Segment Open
(* Let $\mathcal H$ be a finite-dimensional Hilbert space, $L\in\mathbb N$, and $P_1,\dots,P_L$ orthogonal projections on $\mathcal H$ such that $[P_i,P_j]\ne0$ implies $|i-j|=1$ or $\{i,j\}=\{1,L\}$. Fix $1<n<L$, identify indices cyclically ($i\equiv i+L$), and set $H_L=\sum_{i=1}^LP_i$ and $H_{n,k}=\sum_{i=k}^{n+k-1}P_i$ for $k=1,\dots,L$. Assume $\ker H_L\ne\{0\}$. Then $$\operatorname{gap}(H_L)\ge\frac{n}{n-1}\Big(\min_{1\le k\le L}\operatorname{gap}(H_{n,k})-\frac1n\Big).$$
   Context: For a nonnegative self-adjoint operator $H$ on a finite-dimensional Hilbert space with nontrivial kernel, $\operatorname{gap}(H)=\inf\{\langle\psi,H\psi\rangle:\psi\in(\ker H)^\perp,\|\psi\|=1\}$. *)

theory Defs
  imports "Jordan_Normal_Form.Schur_Decomposition" "HOL-Library.Extended_Real"
begin

text \<open>The finite-dimensional Hilbert space is modelled as complex d-space (vectors in carrier_vec d),
with inner product  <psi, phi> = phi \<bullet>c psi  (antilinear in the first argument).\<close>

definition cinner :: "complex vec \<Rightarrow> complex vec \<Rightarrow> complex" where
  "cinner \<psi> \<phi> = \<phi> \<bullet>c \<psi>"

definition orth_proj :: "nat \<Rightarrow> complex mat \<Rightarrow> bool" where
  "orth_proj d P \<longleftrightarrow> P \<in> carrier_mat d d \<and> P * P = P \<and> mat_adjoint P = P"

definition kernel :: "nat \<Rightarrow> complex mat \<Rightarrow> complex vec set" where
  "kernel d H = {v \<in> carrier_vec d. H *\<^sub>v v = 0\<^sub>v d}"

definition orth_compl :: "nat \<Rightarrow> complex vec set \<Rightarrow> complex vec set" where
  "orth_compl d S = {\<psi> \<in> carrier_vec d. \<forall>v\<in>S. cinner \<psi> v = 0}"

text \<open>Spectral gap; Inf of the empty set is +infinity (only relevant when H = 0).
  For self-adjoint H the quadratic form is real, so taking Re loses nothing.\<close>
definition gap :: "nat \<Rightarrow> complex mat \<Rightarrow> ereal" where
  "gap d H = Inf {ereal (Re (cinner \<psi> (H *\<^sub>v \<psi>))) | \<psi>.
                  \<psi> \<in> orth_compl d (kernel d H) \<and> cinner \<psi> \<psi> = 1}"

definition opsum :: "nat \<Rightarrow> (nat \<Rightarrow> complex mat) \<Rightarrow> nat set \<Rightarrow> complex mat" where
  "opsum d F I = mat d d (\<lambda>(a, b). \<Sum>i\<in>I. F i $$ (a, b))"

text \<open>Cyclic identification of indices i == i + L, representatives in {1..L}.\<close>
definition cyc :: "nat \<Rightarrow> nat \<Rightarrow> nat" where
  "cyc L i = (i + L - 1) mod L + 1"

end

theory Submission
  imports "Jordan_Normal_Form.Matrix_Kernel" Defs
begin

text \<open>For a positive semidefinite Hermitian H, the bound gap H \<ge> c is equivalent to the
  operator inequality H^2 \<ge> c H; both directions rest on the decomposition of the space
  into the range and the kernel of H. Write H_k for the window Hamiltonians. Every site lies
  in exactly n of the L cyclic windows, two distinct sites share at most n - 1 windows, and
  non-commuting neighbours share exactly n - 1. Since Re <P_a \<phi>, P_b \<phi>> \<ge> 0 for commuting
  projections, expanding the squares gives \<Sum>_k H_k^2 \<le> (n - 1) H^2 + H, while
  \<Sum>_k H_k = n H. If every H_k has gap at least \<gamma>, this yields
  \<gamma> n H \<le> \<Sum>_k H_k^2 \<le> (n - 1) H^2 + H, that is H^2 \<ge> (n \<gamma> - 1) / (n - 1) H.\<close>

section \<open>The inner product on complex d-space\<close>

lemma cinner_eq_sum:
  assumes "x \<in> carrier_vec d" "y \<in> carrier_vec d"
  shows "cinner x y = (\<Sum>i<d. y $ i * cnj (x $ i))"
  using assms unfolding cinner_def scalar_prod_def by (auto intro!: sum.cong)

lemma cinner_add_left:
  assumes "x \<in> carrier_vec d" "y \<in> carrier_vec d" "z \<in> carrier_vec d"
  shows "cinner (x + y) z = cinner x z + cinner y z"
  using assms by (simp add: cinner_eq_sum[of "x + y" d z] cinner_eq_sum[of x d z]
      cinner_eq_sum[of y d z] ring_distribs sum.distrib)

lemma cinner_add_right:
  assumes "x \<in> carrier_vec d" "y \<in> carrier_vec d" "z \<in> carrier_vec d"
  shows "cinner z (x + y) = cinner z x + cinner z y"
  using assms by (simp add: cinner_eq_sum ring_distribs sum.distrib)

lemma cinner_smult_left:
  assumes "x \<in> carrier_vec d" "y \<in> carrier_vec d"
  shows "cinner (a \<cdot>\<^sub>v x) y = cnj a * cinner x y"
  using assms by (simp add: cinner_eq_sum[of "a \<cdot>\<^sub>v x" d y] cinner_eq_sum[of x d y]
      sum_distrib_left ac_simps)

lemma cinner_smult_right:
  assumes "x \<in> carrier_vec d" "y \<in> carrier_vec d"
  shows "cinner x (a \<cdot>\<^sub>v y) = a * cinner x y"
  using assms by (simp add: cinner_eq_sum sum_distrib_left ac_simps)

lemma cinner_commute:
  assumes "x \<in> carrier_vec d" "y \<in> carrier_vec d"
  shows "cinner y x = cnj (cinner x y)"
  using assms by (simp add: cinner_eq_sum mult.commute)

lemma cinner_zero_left: "x \<in> carrier_vec d \<Longrightarrow> cinner (0\<^sub>v d) x = 0"
  by (simp add: cinner_eq_sum[of "0\<^sub>v d" d x])

lemma cinner_zero_right: "x \<in> carrier_vec d \<Longrightarrow> cinner x (0\<^sub>v d) = 0"
  by (simp add: cinner_eq_sum)

lemma cinner_sum_right:
  assumes x: "x \<in> carrier_vec d" and y: "y \<in> carrier_vec d"
    and g: "\<And>j. j \<in> J \<Longrightarrow> g j \<in> carrier_vec d"
    and y_eq: "\<And>i. i < d \<Longrightarrow> y $ i = (\<Sum>j\<in>J. g j $ i)"
  shows "cinner x y = (\<Sum>j\<in>J. cinner x (g j))"
proof -
  have "cinner x y = (\<Sum>i<d. \<Sum>j\<in>J. g j $ i * cnj (x $ i))"
    unfolding cinner_eq_sum[OF x y] by (simp add: y_eq sum_distrib_right)
  also have "\<dots> = (\<Sum>j\<in>J. cinner x (g j))"
    by (subst sum.swap) (simp add: cinner_eq_sum[OF x g])
  finally show ?thesis .
qed

lemma cinner_sum_left:
  assumes x: "x \<in> carrier_vec d" and y: "y \<in> carrier_vec d"
    and g: "\<And>j. j \<in> J \<Longrightarrow> g j \<in> carrier_vec d"
    and x_eq: "\<And>i. i < d \<Longrightarrow> x $ i = (\<Sum>j\<in>J. g j $ i)"
  shows "cinner x y = (\<Sum>j\<in>J. cinner (g j) y)"
  using cinner_sum_right[OF y x g x_eq] cinner_commute[OF y x] cinner_commute[OF y g]
  by simp

definition sqnorm :: "complex vec \<Rightarrow> real" where
  "sqnorm v = Re (cinner v v)"

lemma cinner_self_eq_sqnorm: "cinner x x = complex_of_real (sqnorm x)"
  using conjugate_square_ge_0_vec[of x]
  unfolding sqnorm_def cinner_def less_eq_complex_def by (simp add: complex_eq_iff)

lemma sqnorm_nonneg: "0 \<le> sqnorm x"
  using conjugate_square_ge_0_vec[of x] unfolding sqnorm_def cinner_def less_eq_complex_def
  by simp

lemma sqnorm_eq_0_iff: "x \<in> carrier_vec d \<Longrightarrow> sqnorm x = 0 \<longleftrightarrow> x = 0\<^sub>v d"
  using cinner_self_eq_sqnorm[of x] conjugate_square_eq_0_vec[of x d]
  unfolding cinner_def by auto

lemma mult_mat_vec_index_sum:
  assumes "H \<in> carrier_mat d d" "v \<in> carrier_vec d" "i < d"
  shows "(H *\<^sub>v v) $ i = (\<Sum>j<d. H $$ (i, j) * v $ j)"
  using assms by (auto simp: scalar_prod_def row_def intro!: sum.cong)

section \<open>Hermitian matrices and the range-kernel decomposition\<close>

definition hermitian :: "nat \<Rightarrow> complex mat \<Rightarrow> bool" where
  "hermitian d H \<longleftrightarrow> H \<in> carrier_mat d d \<and> (\<forall>i<d. \<forall>j<d. H $$ (i, j) = cnj (H $$ (j, i)))"

lemma hermitian_carrier: "hermitian d H \<Longrightarrow> H \<in> carrier_mat d d"
  unfolding hermitian_def by blast

lemma orth_proj_hermitian:
  assumes "orth_proj d P"
  shows "hermitian d P"
proof -
  have P: "P \<in> carrier_mat d d" and adj: "mat_adjoint P = P"
    using assms unfolding orth_proj_def by auto
  have "P $$ (i, j) = cnj (P $$ (j, i))" if "i < d" "j < d" for i j
    using arg_cong[OF adj, of "\<lambda>M. M $$ (i, j)"] P that
    unfolding mat_adjoint_def by (simp add: mat_of_rows_def)
  then show ?thesis using P unfolding hermitian_def by blast
qed

lemma hermitian_cinner_mult:
  assumes H: "hermitian d H" and u: "u \<in> carrier_vec d" and v: "v \<in> carrier_vec d"
  shows "cinner u (H *\<^sub>v v) = cinner (H *\<^sub>v u) v"
proof -
  have Hc: "H \<in> carrier_mat d d"
    using H by (rule hermitian_carrier)
  have H_entry: "\<And>i j. i < d \<Longrightarrow> j < d \<Longrightarrow> cnj (H $$ (j, i)) = H $$ (i, j)"
    using H unfolding hermitian_def by metis
  have "cinner u (H *\<^sub>v v) = (\<Sum>i<d. \<Sum>j<d. H $$ (i, j) * v $ j * cnj (u $ i))"
    using Hc u v by (simp add: cinner_eq_sum mult_mat_vec_index_sum sum_distrib_right
        del: index_mult_mat_vec)
  also have "\<dots> = (\<Sum>j<d. v $ j * cnj (\<Sum>i<d. H $$ (j, i) * u $ i))"
    by (subst sum.swap) (simp add: sum_distrib_left H_entry ac_simps)
  also have "\<dots> = cinner (H *\<^sub>v u) v"
    using Hc u v by (simp add: cinner_eq_sum[of "H *\<^sub>v u" d v] mult_mat_vec_index_sum
        del: index_mult_mat_vec)
  finally show ?thesis .
qed

lemma orthogonal_mat_kernel_if_orthogonal_basis:
  assumes H: "H \<in> carrier_mat d d" and v: "v \<in> carrier_vec d" and B: "kernel.basis d H B"
    and orth: "\<And>u. u \<in> B \<Longrightarrow> cinner u v = 0"
  shows "\<forall>x \<in> mat_kernel H. cinner x v = 0"
proof -
  interpret kernel d d H by unfold_locales (rule H)
  let ?V = "{x \<in> mat_kernel H. cinner x v = 0}"
  have ker_carrier: "\<And>x. x \<in> mat_kernel H \<Longrightarrow> x \<in> carrier_vec d"
    using mat_kernelD[OF H] by blast
  have "submodule class_ring ?V VK"
    unfolding submodule_def
  proof (intro conjI allI impI)
    show "Module.module class_ring VK" by (rule Ker.module_axioms)
    show "?V \<subseteq> carrier VK" by auto
    show "\<zero>\<^bsub>VK\<^esub> \<in> ?V" using Ker.zero_closed cinner_zero_left[OF v] by auto
  next
    fix a b assume "a \<in> ?V" "b \<in> ?V"
    then show "a \<oplus>\<^bsub>VK\<^esub> b \<in> ?V"
      using Ker.a_closed[of a b] cinner_add_left[OF ker_carrier ker_carrier v, of a b] by auto
  next
    fix c a assume "a \<in> ?V"
    then show "c \<odot>\<^bsub>VK\<^esub> a \<in> ?V"
      using Ker.smult_closed[of c a] cinner_smult_left[OF ker_carrier v, of a c] by auto
  qed
  moreover have "span B = mat_kernel H" and "B \<subseteq> mat_kernel H"
    using B unfolding Ker.basis_def by auto
  ultimately have "mat_kernel H \<subseteq> ?V"
    using Ker.span_is_subset[of B ?V] orth by blast
  then show ?thesis by blast
qed

definition gram_sum :: "nat \<Rightarrow> complex vec set \<Rightarrow> complex mat" where
  "gram_sum d B = mat d d (\<lambda>(i, j). \<Sum>u\<in>B. u $ i * cnj (u $ j))"

lemma gram_sum_carrier: "gram_sum d B \<in> carrier_mat d d"
  unfolding gram_sum_def by simp

lemma mult_gram_sum_index:
  assumes B: "B \<subseteq> carrier_vec d" and w: "w \<in> carrier_vec d" and i: "i < d"
  shows "(gram_sum d B *\<^sub>v w) $ i = (\<Sum>u\<in>B. (cinner u w \<cdot>\<^sub>v u) $ i)"
proof -
  have "(gram_sum d B *\<^sub>v w) $ i = (\<Sum>u\<in>B. \<Sum>j<d. u $ i * cnj (u $ j) * w $ j)"
    unfolding mult_mat_vec_index_sum[OF gram_sum_carrier w i]
    using i by (simp add: gram_sum_def sum_distrib_right sum.swap[of _ B])
  also have "\<dots> = (\<Sum>u\<in>B. (cinner u w \<cdot>\<^sub>v u) $ i)"
    using B w i by (intro sum.cong refl)
      (auto simp: cinner_eq_sum[of u d w for u] sum_distrib_left sum_distrib_right ac_simps)
  finally show ?thesis .
qed

lemma mult_gram_sum_in_kernel:
  assumes H: "H \<in> carrier_mat d d" and B: "B \<subseteq> mat_kernel H" and w: "w \<in> carrier_vec d"
  shows "H *\<^sub>v (gram_sum d B *\<^sub>v w) = 0\<^sub>v d"
proof (rule eq_vecI)
  have Bc: "B \<subseteq> carrier_vec d" and HB: "\<And>u. u \<in> B \<Longrightarrow> H *\<^sub>v u = 0\<^sub>v d"
    using B mat_kernelD[OF H] by auto
  fix i assume "i < dim_vec (0\<^sub>v d)"
  then have i: "i < d" by simp
  have Gw: "gram_sum d B *\<^sub>v w \<in> carrier_vec d"
    using gram_sum_carrier w by (rule mult_mat_vec_carrier)
  have "(H *\<^sub>v (gram_sum d B *\<^sub>v w)) $ i = (\<Sum>j<d. H $$ (i, j) * (gram_sum d B *\<^sub>v w) $ j)"
    by (rule mult_mat_vec_index_sum[OF H Gw i])
  also have "\<dots> = (\<Sum>j<d. H $$ (i, j) * (\<Sum>u\<in>B. cinner u w * u $ j))"
    using Bc w by (intro sum.cong refl) (auto simp: mult_gram_sum_index[OF Bc w] intro!: sum.cong)
  also have "\<dots> = (\<Sum>u\<in>B. cinner u w * (H *\<^sub>v u) $ i)"
    using H Bc i by (simp add: mult_mat_vec_index_sum sum_distrib_left sum.swap[of _ B] ac_simps
        subset_iff del: index_mult_mat_vec)
  finally show "(H *\<^sub>v (gram_sum d B *\<^sub>v w)) $ i = 0\<^sub>v d $ i"
    using HB i by simp
qed (use H in simp)

lemma qform_gram_sum:
  assumes B: "B \<subseteq> carrier_vec d" and w: "w \<in> carrier_vec d"
  shows "Re (cinner w (gram_sum d B *\<^sub>v w)) = (\<Sum>u\<in>B. (cmod (cinner u w))\<^sup>2)"
proof -
  have "cinner w (gram_sum d B *\<^sub>v w) = (\<Sum>u\<in>B. cinner w (cinner u w \<cdot>\<^sub>v u))"
    using B w mult_mat_vec_carrier[OF gram_sum_carrier w]
    by (intro cinner_sum_right[of _ d] mult_gram_sum_index) auto
  also have "\<dots> = (\<Sum>u\<in>B. complex_of_real ((cmod (cinner u w))\<^sup>2))"
  proof (intro sum.cong refl)
    fix u assume "u \<in> B"
    then have u: "u \<in> carrier_vec d" using B by blast
    show "cinner w (cinner u w \<cdot>\<^sub>v u) = complex_of_real ((cmod (cinner u w))\<^sup>2)"
      using cinner_smult_right[OF w u] cinner_commute[OF u w] complex_norm_square by metis
  qed
  finally show ?thesis by simp
qed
Segment Closed
> **WORK TO BE COMPLETED**
Where the listing above has a line with "x (a \<cdot>\<^sub>v", start there, and output every line exactly through the line with "using assms by (simp add: cinner_eq_sum mult.commute)", which is also included.

> **RESPONSE**
  shows "cinner x (a \<cdot>\<^sub>v y) = a * cinner x y"
  using assms by (simp add: cinner_eq_sum sum_distrib_left ac_simps)

lemma cinner_commute:
  assumes "x \<in> carrier_vec d" "y \<in> carrier_vec d"
  shows "cinner y x = cnj (cinner x y)"
  using assms by (simp add: cinner_eq_sum mult.commute)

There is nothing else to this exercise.